Scaling up microbial community responses to climate change

Earth system models are essential for predicting the future effects of climate change on the biosphere. Recent efforts have begun to include microbial properties in these models, but it remains unclear how to represent complex microbial communities at the global scale. Trait-based models are promising tools for aggregating microbial traits and responses. These small-scale models can be used to extract the statistical properties of complex communities for use in parameterizing larger-scale models. This approach could account for the impact of microbial complexity without directly representing diverse microbial communities at the global scale. Here we use a trait-based and spatially-explicit model to extract microbial responses to changes in temperature and moisture. The model represents moisture through effects on diffusion rates and enzyme kinetic constants.

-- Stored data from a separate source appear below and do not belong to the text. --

lemma (in finite_measure) bdd_below_null_tails:
  fixes f :: "'a \<Rightarrow> ereal"
  assumes [measurable]: "f \<in> borel_measurable M"
    and pos: "measure M {\<omega>\<in>space M. -\<infinity> < f \<omega>} \<noteq> 0"
  shows "bdd_below {t::real. measure M {\<omega>\<in>space M. ereal t < f \<omega>} = 0}"
proof -
  have cover: "{\<omega>\<in>space M. -\<infinity> < f \<omega>} \<subseteq> (\<Union>n::nat. {\<omega>\<in>space M. ereal (- real n) < f \<omega>})"
  proof
    fix \<omega> assume \<omega>: "\<omega> \<in> {\<omega>\<in>space M. -\<infinity> < f \<omega>}"
    obtain n :: nat where "- real_of_ereal (f \<omega>) < real n"
      using reals_Archimedean2 by blast
    with \<omega> have "ereal (- real n) < f \<omega>"
      by (cases "f \<omega>") auto
    with \<omega> show "\<omega> \<in> (\<Union>n. {\<omega>\<in>space M. ereal (- real n) < f \<omega>})"
      by blast
  qed
  have "\<exists>n::nat. measure M {\<omega>\<in>space M. ereal (- real n) < f \<omega>} \<noteq> 0"
  proof (rule ccontr)
    assume "\<not> ?thesis"
    then have "(\<Union>n::nat. {\<omega>\<in>space M. ereal (- real n) < f \<omega>}) \<in> null_sets M"
      by (intro null_sets_UN) (simp add: null_sets_def emeasure_eq_measure)
    then have "{\<omega>\<in>space M. -\<infinity> < f \<omega>} \<in> null_sets M"
      by (rule null_sets_subset[OF _ _ cover]) measurable
    with pos show False
      by (simp add: measure_eq_0_null_sets)
  qed
  then obtain n :: nat where n: "measure M {\<omega>\<in>space M. ereal (- real n) < f \<omega>} \<noteq> 0" ..
  show ?thesis
  proof (rule bdd_belowI)
    fix t assume t: "t \<in> {t::real. measure M {\<omega>\<in>space M. ereal t < f \<omega>} = 0}"
    show "- real n \<le> t"
    proof (rule ccontr)
      assume "\<not> - real n \<le> t"
      then have "measure M {\<omega>\<in>space M. ereal (- real n) < f \<omega>} \<le> measure M {\<omega>\<in>space M. ereal t < f \<omega>}"
        by (intro finite_measure_mono) (auto intro: order.strict_trans[of "ereal t" "ereal (- real n)"])
      then show False
        using t n by (simp add: measure_le_0_iff)
    qed
  qed
qed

Temperature effects on microbial processes are represented through Arrhenius-type kinetics. We asked how changes in temperature and moisture interact with microbial traits to determine rates of decomposition. Our approach allowed for tradeoffs between enzymatic traits, drought tolerance, and thermal tolerance. Moisture reduction impacted the distribution of enzymatic traits in the simulated microbial community and reduced predicted decomposition rates. Temperature increase also shifted the distribution of enzymatic traits due to tradeoffs with substrate use efficiency. Together, these shifts dampened the temperature sensitivity of overall decomposition. Overall, our results suggest that small-scale models of microbial traits and interactions are promising tools for parameterizing temperature and moisture sensitivities in ecosystem and global models.